Nun sitze ich einigen Herren in grauen Anzügen gegenüber. Alle haben blanke schwarze Halbschuhe an, mit Schnürsenkeln, zu wohlgestalteten Schleifen gebunden.

Ich weise mich als Maximilian Hofstätter aus. „Wie wurden Sie von der Verstorbenen genannt?“, fragt der Bedrohlichste streng. „Maxi“, antworte ich verschüchtert.

„Wo wohnten Sie am 24. August 1988?“, wird das Verhör fortgesetzt.

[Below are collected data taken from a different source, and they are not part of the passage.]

lemma word_app_closed:
  "talg_wf A \<Longrightarrow> word_ok w \<Longrightarrow> x \<in> carrier A \<Longrightarrow> word_app A w x \<in> carrier A"
  by (induction w) (auto simp: talg_wf_def)

lemma word_app_mt:
  assumes "talg_wf A" "endo_ax A" "word_ok w" "x \<in> carrier A" "y \<in> carrier A"
  shows "word_app A w (mt A x y) = mt A (word_app A w x) (word_app A w y)"
  using assms by (induction w) (auto simp: endo_ax_def word_app_closed)

lemma word_app_cp:
  assumes "talg_wf A" "endo_ax A" "word_ok w" "x \<in> carrier A"
  shows "word_app A w (cp A x) = cp A (word_app A w x)"
  using assms by (induction w) (auto simp: endo_ax_def word_app_closed)

lemma word_app_wp:
  assumes "permutable V" "word_ok w" "X \<subseteq> V"
  shows "word_app (wp V) w X = {q \<in> V. q \<circ> word_perm w \<in> X}"
  using assms(2)
proof (induction w)
  case (Cons p w)
  obtain i j where p: "p = (i, j)" by (cases p)
  with Cons assms(1) show ?case
    by (auto simp: wp_def permutable_def comp_assoc)
qed (use assms(3) in auto)

section \<open>Equations valid in every wp(V)\<close>

lemma PTA_eval_eq:
  fixes A :: "('i, 'b) talg"
  assumes A: "A \<in> PTA" and wf_trms: "wf_trm t1" "wf_trm t2"
    and valid: "\<And>(V :: ('i \<Rightarrow> 'i) set) \<tau>. permutable V \<Longrightarrow> \<forall>n. \<tau> n \<subseteq> V \<Longrightarrow>
        eval (wp V) \<tau> t1 = eval (wp V) \<tau> t2"
    and \<sigma>: "\<forall>n. \<sigma> n \<in> carrier A"
  shows "eval A \<sigma> t1 = eval A \<sigma> t2"
proof -
  have "holds (wp V) t1 t2" if "permutable V" for V :: "('i \<Rightarrow> 'i) set"
    using valid[OF that] by (auto simp: holds_def wp_def)
  with A wf_trms have "holds A t1 t2"
    unfolding PTA_def by blast
  with \<sigma> show ?thesis
    unfolding holds_def by blast
qed

lemma PTA_boolean_ax:
  fixes A :: "('i, 'b) talg"
  assumes A: "A \<in> PTA"
  shows "boolean_ax A"
  unfolding boolean_ax_def
proof (intro ballI)
  fix x y z assume "x \<in> carrier A" "y \<in> carrier A" "z \<in> carrier A"
  define \<sigma> where "\<sigma> n = (if n = 0 then x else if n = 1 then y else z)" for n :: nat
  have \<sigma>: "\<forall>n. \<sigma> n \<in> carrier A"
    using \<open>x \<in> carrier A\<close> \<open>y \<in> carrier A\<close> \<open>z \<in> carrier A\<close> by (simp add: \<sigma>_def)
  define J where "J s t = Cp (Mt (Cp s) (Cp t))" for s t :: "'i trm"
  let ?X = "Var 0" and ?Y = "Var 1" and ?Z = "Var 2"
  have vars: "\<sigma> 0 = x" "\<sigma> 1 = y" "\<sigma> 2 = z"
    by (simp_all add: \<sigma>_def)
  have eval_J: "eval A \<sigma> (J s t) = jn A (eval A \<sigma> s) (eval A \<sigma> t)" for s t
    by (simp add: J_def jn_def)
  have eqs: "eval A \<sigma> (Mt ?X ?Y) = eval A \<sigma> (Mt ?Y ?X)"
    "eval A \<sigma> (J ?X ?Y) = eval A \<sigma> (J ?Y ?X)"
    "eval A \<sigma> (Mt (Mt ?X ?Y) ?Z) = eval A \<sigma> (Mt ?X (Mt ?Y ?Z))"
    "eval A \<sigma> (J (J ?X ?Y) ?Z) = eval A \<sigma> (J ?X (J ?Y ?Z))"
    "eval A \<sigma> (Mt ?X (J ?X ?Y)) = eval A \<sigma> ?X"
    "eval A \<sigma> (J ?X (Mt ?X ?Y)) = eval A \<sigma> ?X"
    "eval A \<sigma> (Mt ?X (J ?Y ?Z)) = eval A \<sigma> (J (Mt ?X ?Y) (Mt ?X ?Z))"
    "eval A \<sigma> (Mt ?X (Cp ?X)) = eval A \<sigma> (Mt ?Y (Cp ?Y))"
    "eval A \<sigma> (J ?X (Cp ?X)) = eval A \<sigma> (J ?Y (Cp ?Y))"
    "eval A \<sigma> (Mt (Mt ?X (Cp ?X)) ?Y) = eval A \<sigma> (Mt ?X (Cp ?X))"
    "eval A \<sigma> (Mt (J ?X (Cp ?X)) ?Y) = eval A \<sigma> ?Y"
    by (rule PTA_eval_eq[OF A _ _ _ \<sigma>]; auto simp: J_def wp_def)+
  from eqs[unfolded eval_J eval.simps vars] show "mt A x y = mt A y x \<and> jn A x y = jn A y x \<and>
      mt A (mt A x y) z = mt A x (mt A y z) \<and> jn A (jn A x y) z = jn A x (jn A y z) \<and>
      mt A x (jn A x y) = x \<and> jn A x (mt A x y) = x \<and>
      mt A x (jn A y z) = jn A (mt A x y) (mt A x z) \<and>
      mt A x (cp A x) = mt A y (cp A y) \<and> jn A x (cp A x) = jn A y (cp A y) \<and>
      mt A (mt A x (cp A x)) y = mt A x (cp A x) \<and>
      mt A (jn A x (cp A x)) y = y"
    by blast
qed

Nach längerem Nachdenken fällt mir Würzburg ein.

„Warum melden Sie sich erst jetzt?“, lautet die dritte vernichtende Frage. „Übermorgen wäre die Frist abgelaufen.“ Was für eine Frist? Was hab ich verbrochen?

„In einem Notizbuch der Johanna Wagner findet sich ein Eintrag, der juristisch als Willenserklärung zu werten ist. Sie bringt ihre Freude zum Ausdruck, dass ein Maxi aus Würzburg voll Liebe an sie denkt, und erklärt, er solle nach ihrem Tod ihren – damals noch geringen – Besitz erben. Sehen Sie, hier. Auch eine Unterschrift hat sie quer darüber angefertigt. Somit handelt es sich um ein gültiges Testament.“

Wie mein Vater, kommt mir in den Sinn, der übte auch seine Unterschrift erst auf dem nächstbesten Fetzen Papier, ehe er seinen Friedrich Wilhelm irgendwo drunter setzte. Hatte die Alte wohl gerade ihr Notizbuch aufgeschlagen vor sich liegen, als eine Einschreibsendung kam.

Frau Johanna, teilt man mir mit, beerbte ihren Mann und wurde dadurch Besitzerin einiger Grundstücke, die jetzt einem Gewerbegebiet zugeschlagen werden sollen. Ich möge mich unverzüglich mit den Planern zu einem Millionengeschäft zusammensetzen.

Kann man solche Verhandlungen in Slippers führen?